When you talk about sex, talk about it in a way that is confident and educated. Sex positivity is about finding our own voice to talk about our bodies. While some people like pet names for their sexual parts, it is important to break ourselves from the habit of using “those words” to cover shame.

Our bodies are not something to be ashamed of.

 

Promote enthusiastic consent and communication

Another part of being sex positive is promoting the idea of informed, enthusiastic consent. While consent should be a part of every sex education program, sadly, it is often lacking. Worse, society and media still contain skewed ideas about what consent is, though this has been improving. The most important part of consent is communication. Communicate with yourself to know what you want. Communicate with your partners to express what you want and learn what they want.

 

 

End slut shaming

This has two parts. First, we have to accept within ourselves that it is okay if we want sex. It is okay if we do not. It is okay if we want sex sometimes, rarely, or all the time. It is okay if we like having lots of sex partners or only one. As people, regardless of our gender, we have to stop shaming ourselves for how, how often, and if we want sex.

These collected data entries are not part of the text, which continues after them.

text \<open>A polynomial lies in a monomial ideal iff each of its terms is divisible by a generator, so
  \<open>x\<^sup>m\<close> lies in \<open>I(G)^[k] : I(G)^[l]\<close> iff for every \<open>l\<close>-matching \<open>N\<close> some \<open>k\<close>-matching \<open>P\<close>
  has its vertices in \<open>S \<union> V(N)\<close>, where \<open>S\<close> is the support of \<open>m\<close>. Take \<open>N\<close> with the
  most vertices in \<open>S\<close>. Some \<open>l\<close> edges of \<open>P\<close> carry at least an \<open>l/k\<close> share of the vertices of
  \<open>P\<close> in \<open>S\<close>, but cannot beat \<open>N\<close>; together with \<open>|V(P) - S| \<le> |V(N) - S|\<close> this forces
  \<open>V(P) \<subseteq> S\<close>, i.e. \<open>x\<^sub>P\<close> divides \<open>x\<^sup>m\<close>.\<close>

section \<open>Polynomial rings and generated ideals\<close>

lemma keys_add_nat: "Poly_Mapping.keys (a + b :: nat \<Rightarrow>\<^sub>0 nat) = Poly_Mapping.keys a \<union> Poly_Mapping.keys b"
  by (auto simp: in_keys_iff lookup_add)

lemma single_mem_poly_ring: "Poly_Mapping.keys t \<subseteq> V \<Longrightarrow> Poly_Mapping.single t a \<in> poly_ring V"
  unfolding poly_ring_def by auto

lemma poly_ring_zero: "0 \<in> poly_ring V"
  unfolding poly_ring_def by simp

lemma poly_ring_one: "1 \<in> poly_ring V"
  unfolding poly_ring_def by simp

lemma poly_ring_add: "p \<in> poly_ring V \<Longrightarrow> q \<in> poly_ring V \<Longrightarrow> p + q \<in> poly_ring V"
  using keys_add[of p q] unfolding poly_ring_def by blast

lemma poly_ring_mult:
  assumes "p \<in> poly_ring V" "q \<in> poly_ring V"
  shows "p * q \<in> poly_ring V"
  unfolding poly_ring_def
proof (intro CollectI ballI)
  fix m assume "m \<in> Poly_Mapping.keys (p * q)"
  then obtain a b where "m = a + b" "a \<in> Poly_Mapping.keys p" "b \<in> Poly_Mapping.keys q"
    using keys_mult by blast
  then show "Poly_Mapping.keys m \<subseteq> V"
    using assms keys_add_nat unfolding poly_ring_def by blast
qed

lemma poly_ring_sum: "(\<And>x. x \<in> A \<Longrightarrow> f x \<in> poly_ring V) \<Longrightarrow> sum f A \<in> poly_ring V"
  using keys_sum[of f A] unfolding poly_ring_def by blast

lemma poly_ring_prod: "(\<And>x. x \<in> A \<Longrightarrow> f x \<in> poly_ring V) \<Longrightarrow> prod f A \<in> poly_ring V"
  by (induction A rule: infinite_finite_induct) (auto intro: poly_ring_one poly_ring_mult)

lemma ideal_gen_subset_poly_ring:
  assumes "G \<subseteq> poly_ring V"
  shows "ideal_gen V G \<subseteq> poly_ring V"
  using assms unfolding ideal_gen_def by (auto intro!: poly_ring_sum poly_ring_mult)

lemma ideal_gen_mult_right:
  assumes "p \<in> ideal_gen V G" "q \<in> poly_ring V"
  shows "p * q \<in> ideal_gen V G"
proof -
  obtain F r where p: "p = (\<Sum>g\<in>F. r g * g)" "finite F" "F \<subseteq> G" "\<forall>g\<in>F. r g \<in> poly_ring V"
    using assms(1) unfolding ideal_gen_def by blast
  have "p * q = (\<Sum>g\<in>F. (r g * q) * g)"
    unfolding p(1) sum_distrib_right by (simp add: ac_simps)
  moreover have "\<forall>g\<in>F. r g * q \<in> poly_ring V" using p(4) assms(2) poly_ring_mult by blast
  ultimately show ?thesis
    using p(2,3) unfolding ideal_gen_def by (intro CollectI exI[of _ F] exI[of _ "\<lambda>g. r g * q"]) simp
qed

lemma ideal_gen_subset_colon_ideal:
  assumes "G \<subseteq> poly_ring V" "J \<subseteq> poly_ring V"
  shows "ideal_gen V G \<subseteq> colon_ideal V (ideal_gen V G) J"
proof
  fix f assume f: "f \<in> ideal_gen V G"
  have "f \<in> poly_ring V" using ideal_gen_subset_poly_ring[OF assms(1)] f by blast
  moreover have "\<forall>g\<in>J. f * g \<in> ideal_gen V G" using f assms(2) ideal_gen_mult_right by blast
  ultimately show "f \<in> colon_ideal V (ideal_gen V G) J" unfolding colon_ideal_def by blast
qed

lemma mult_mem_ideal_gen: "g \<in> G \<Longrightarrow> r \<in> poly_ring V \<Longrightarrow> r * g \<in> ideal_gen V G"
  unfolding ideal_gen_def by (rule CollectI, rule exI[of _ "{g}"], rule exI[of _ "\<lambda>_. r"]) auto

lemma ideal_gen_zero: "0 \<in> ideal_gen V G"
  unfolding ideal_gen_def by (rule CollectI, rule exI[of _ "{}"]) auto

lemma ideal_gen_add:
  assumes "p \<in> ideal_gen V G" "q \<in> ideal_gen V G"
  shows "p + q \<in> ideal_gen V G"
proof -
  obtain F1 r1 where p: "p = (\<Sum>g\<in>F1. r1 g * g)" "finite F1" "F1 \<subseteq> G" "\<forall>g\<in>F1. r1 g \<in> poly_ring V"
    using assms(1) unfolding ideal_gen_def by blast
  obtain F2 r2 where q: "q = (\<Sum>g\<in>F2. r2 g * g)" "finite F2" "F2 \<subseteq> G" "\<forall>g\<in>F2. r2 g \<in> poly_ring V"
    using assms(2) unfolding ideal_gen_def by blast
  define r where "r g = (if g \<in> F1 then r1 g else 0) + (if g \<in> F2 then r2 g else 0)" for g
  have "\<forall>g\<in>F1 \<union> F2. r g \<in> poly_ring V"
    using p(4) q(4) unfolding r_def by (auto intro!: poly_ring_add poly_ring_zero)
  moreover have "(\<Sum>g\<in>F1 \<union> F2. r g * g)
      = (\<Sum>g\<in>F1 \<union> F2. if g \<in> F1 then r1 g * g else 0) + (\<Sum>g\<in>F1 \<union> F2. if g \<in> F2 then r2 g * g else 0)"
    unfolding sum.distrib[symmetric] by (rule sum.cong) (auto simp: r_def distrib_right)
  then have "p + q = (\<Sum>g\<in>F1 \<union> F2. r g * g)"
    using p(1,2) q(1,2) by (simp add: sum.If_cases Int_absorb1)
  ultimately show ?thesis unfolding ideal_gen_def using p(2,3) q(2,3) by blast
qed

lemma ideal_gen_sum: "finite A \<Longrightarrow> (\<And>x. x \<in> A \<Longrightarrow> f x \<in> ideal_gen V G) \<Longrightarrow> sum f A \<in> ideal_gen V G"
  by (induction A rule: finite_induct) (auto intro: ideal_gen_zero ideal_gen_add)

section \<open>Monomial ideals\<close>

definition monomial :: "(nat \<Rightarrow>\<^sub>0 nat) \<Rightarrow> ('a::comm_ring_1) mpoly" where
  "monomial t = Poly_Mapping.single t 1"

lemma poly_mapping_sum_single:
  "p = (\<Sum>m\<in>Poly_Mapping.keys p. Poly_Mapping.single m (Poly_Mapping.lookup p m))"
  by (rule poly_mapping_eqI) (auto simp: lookup_sum lookup_single when_def in_keys_iff)

lemma lookup_mult_monomial:
  "Poly_Mapping.lookup (p * monomial t) (m + t) = Poly_Mapping.lookup p m"
proof -
  have "p * monomial t
      = (\<Sum>a\<in>Poly_Mapping.keys p. Poly_Mapping.single (a + t) (Poly_Mapping.lookup p a))"
    by (subst poly_mapping_sum_single) (simp add: monomial_def sum_distrib_right mult_single)
  then show ?thesis by (auto simp: lookup_sum lookup_single when_def in_keys_iff)
qed

lemma keys_monomial_ideal:
  assumes "p \<in> ideal_gen V (monomial ` T)" "m \<in> Poly_Mapping.keys p"
  shows "\<exists>t\<in>T. \<exists>c. m = c + t"
proof -
  obtain F r where p: "p = (\<Sum>g\<in>F. r g * g)" and F: "F \<subseteq> monomial ` T"
    using assms(1) unfolding ideal_gen_def by blast
  obtain g where g: "g \<in> F" "m \<in> Poly_Mapping.keys (r g * g)"
    using keys_sum[of "\<lambda>g. r g * g" F] assms(2) unfolding p by blast
  obtain t where t: "t \<in> T" "g = monomial t" using F g(1) by blast
  obtain c b where "m = c + b" "b \<in> Poly_Mapping.keys (monomial t :: 'a mpoly)"
    using keys_mult[of "r g" "monomial t"] g(2) t(2) by blast
  then show ?thesis using t(1) unfolding monomial_def by auto
qed

lemma mem_monomial_idealI:
  assumes "p \<in> poly_ring V" "\<forall>m\<in>Poly_Mapping.keys p. \<exists>t\<in>T. \<exists>c. m = c + t"
  shows "p \<in> ideal_gen V (monomial ` T :: ('a::comm_ring_1) mpoly set)"
proof (subst poly_mapping_sum_single, rule ideal_gen_sum)
  fix m assume m: "m \<in> Poly_Mapping.keys p"
  obtain t c where t: "t \<in> T" "m = c + t" using assms(2) m by blast
  have "Poly_Mapping.keys c \<subseteq> V"
    using assms(1) m t(2) keys_add_nat unfolding poly_ring_def by blast
  then have "Poly_Mapping.single c (Poly_Mapping.lookup p m) * monomial t \<in> ideal_gen V (monomial ` T)"
    using t(1) by (intro mult_mem_ideal_gen single_mem_poly_ring) auto
  then show "Poly_Mapping.single m (Poly_Mapping.lookup p m) \<in> ideal_gen V (monomial ` T)"
    unfolding monomial_def t(2) by (simp add: mult_single)
qed simp
lemma normal_density_ge_two_windows:
  fixes \<sigma> s t :: real
  assumes \<sigma>: "0 < \<sigma>" and s: "\<bar>s\<bar> \<le> \<sigma>"
  shows "exp (-2) / 6 / \<sigma> * (indicator {-\<sigma>..0} t + indicator {s-\<sigma>..s} t) \<le> normal_density 0 \<sigma> t"
proof (cases "t \<in> {-\<sigma>..0} \<union> {s-\<sigma>..s}")
  case True
  then have "\<bar>t - 0\<bar> \<le> 2 * \<sigma>"
    using s by auto
  then have "exp (-2) / (3 * \<sigma>) \<le> normal_density 0 \<sigma> t"
    by (rule normal_density_ge[OF \<sigma>])
  moreover have "exp (-2) / 6 / \<sigma> * (indicator {-\<sigma>..0} t + indicator {s-\<sigma>..s} t) \<le> exp (-2) / (3 * \<sigma>)"
    using \<sigma> by (auto simp: indicator_def field_simps)
  ultimately show ?thesis
    by linarith
qed simp
(* Fix $\gamma\in(0,1)$ and set $\alpha^{\oplus}=\sqrt{\frac{1+\sqrt{1-\gamma}}{2\pi^2}}$, $\alpha^{\ominus}=\sqrt{\frac{1-\sqrt{1-\gamma}}{2\pi^2}}$. For $\varepsilon>0$ let $\Lambda=\Lambda_\varepsilon=\{k\in\mathbb{N}:\lceil\alpha^{\ominus}/\varepsilon\rceil\le k\le\lfloor\alpha^{\oplus}/\varepsilon\rfloor\}$, let $(c_k)_{k\in\Lambda}$ be independent standard normal random variables, and define the random function $f:[0,1]\to\mathbb{R}$ by $f(x)=\sum_{k\in\Lambda}c_k\sqrt{2}\cos(k\pi x)$. Then for arbitrary constants $p>1$ and $0<\eta<2$ there exists a constant $C>0$, independent of $\varepsilon$, such that $$\mathbb{E}\|f\|_{L^\infty(0,1)}^p\le C\Big(\sum_{k\in\Lambda}k^\eta\Big)^{p/2}+C\,|\Lambda|^{p/2}.$$
   Context: $|\Lambda|$ denotes the cardinality of $\Lambda$. The functions $\sqrt2\cos(k\pi x)$ are orthonormal in $L^2(0,1)$. *)

theory Defs
  imports "HOL-Probability.Probability"
begin

definition alpha_plus :: "real \<Rightarrow> real" where
  "alpha_plus \<gamma> = sqrt ((1 + sqrt (1 - \<gamma>)) / (2 * pi\<^sup>2))"

definition alpha_minus :: "real \<Rightarrow> real" where
  "alpha_minus \<gamma> = sqrt ((1 - sqrt (1 - \<gamma>)) / (2 * pi\<^sup>2))"

definition Lambda :: "real \<Rightarrow> real \<Rightarrow> nat set" where
  "Lambda \<gamma> \<epsilon> = {k::nat. \<lceil>alpha_minus \<gamma> / \<epsilon>\<rceil> \<le> int k \<and> int k \<le> \<lfloor>alpha_plus \<gamma> / \<epsilon>\<rfloor>}"

definition rand_f :: "nat set \<Rightarrow> (nat \<Rightarrow> real) \<Rightarrow> real \<Rightarrow> real" where
  "rand_f \<Lambda> c x = (\<Sum>k\<in>\<Lambda>. c k * sqrt 2 * cos (real k * pi * x))"

text \<open>Sup norm on [0,1] (equals the L-infinity norm for continuous functions).\<close>
definition sup_norm01 :: "(real \<Rightarrow> real) \<Rightarrow> real" where
  "sup_norm01 g = (SUP x\<in>{0..1}. \<bar>g x\<bar>)"

end

theory Submission
  imports Defs
begin

text \<open>
  Let m be the smallest frequency in Lambda and R the ratio of the two alphas, so that all
  frequencies and the cardinality n of Lambda are at most R m. Then f is Lipschitz with constant
  sqrt 2 pi R m sum |c_k|, so on the grid j / m^3 (0 <= j <= m^3) the supremum of |f| exceeds the
  largest grid value by at most sqrt 2 pi R m^-2 sum |c_k|. Every grid value is a centred Gaussian
  of variance at most 2 n. Choose an even moment 2 r >= p with eta r >= 3 and split
  t^p <= l^p + l^(p - 2 r) t^(2 r) at the level l = (n m^eta)^(1/2): bounding the largest grid value
  by the sum over all m^3 + 1 grid points then costs only a factor m^(3 - eta r) <= 1. The result is
  E |f|_infinity^p <= C (n m^eta)^(p/2) <= C (sum of k^eta)^(p/2).
\<close>

lemma abs_cos_diff_le: "\<bar>cos x - cos y\<bar> \<le> \<bar>x - y\<bar>" for x y :: real
proof -
  have "\<bar>cos x - cos y\<bar> = 2 * \<bar>sin ((x + y) / 2)\<bar> * \<bar>sin ((y - x) / 2)\<bar>"
    by (simp add: cos_diff_cos abs_mult)
  also have "\<dots> \<le> 2 * 1 * \<bar>(y - x) / 2\<bar>"
    by (intro mult_mono abs_sin_x_le_abs_x abs_sin_le_one) auto
  finally show ?thesis by simp
qed

lemma powr_le_powr_add_power:
  fixes t l p :: real and q :: nat
  assumes "0 \<le> t" "0 < l" "0 < p" "p \<le> q"
  shows "t powr p \<le> l powr p + l powr (p - q) * t ^ q"
proof (cases "t \<le> l")
  case True
  then have "t powr p \<le> l powr p" using assms by (intro powr_mono2) auto
  moreover have "0 \<le> l powr (p - q) * t ^ q" using assms by auto
  ultimately show ?thesis by linarith
next
  case False
  then have t: "0 < t" "l < t" using assms by auto
  have "t powr p = t powr (p - q) * t ^ q"
    using t by (simp add: powr_add[symmetric] powr_realpow[symmetric])
  also have "\<dots> \<le> l powr (p - q) * t ^ q"
    using t assms by (intro mult_right_mono powr_mono2') auto
  finally show ?thesis by (smt (verit) powr_ge_zero)
qed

The second part is that we have to stop shaming other people for their sexuality. Whether a person enjoys sex with one person or multiple people, whether they are demure about their sexuality or expressive – none of these are things to shame them over.

 

Respect sex workers

Sex work is a broad term that covers a wide variety of occupations – dancers, actors, models, escorts, full-service (engaging in sexual activity) sex workers, Dominatrices, fetishists, and more. We cannot respect human sexuality without respecting the people who decide to utilize that sexuality to make a living.

 

Sex positivity is not always an easy thing to express. Even being a sex positive person myself, I sometimes find myself giving the side-eye to something that I don’t “approve” of. What matters, though, is that I catch myself in those moments and educate myself to be better. In the end, that is really what sex positivity is – educating ourselves and those around us about healthy sexuality.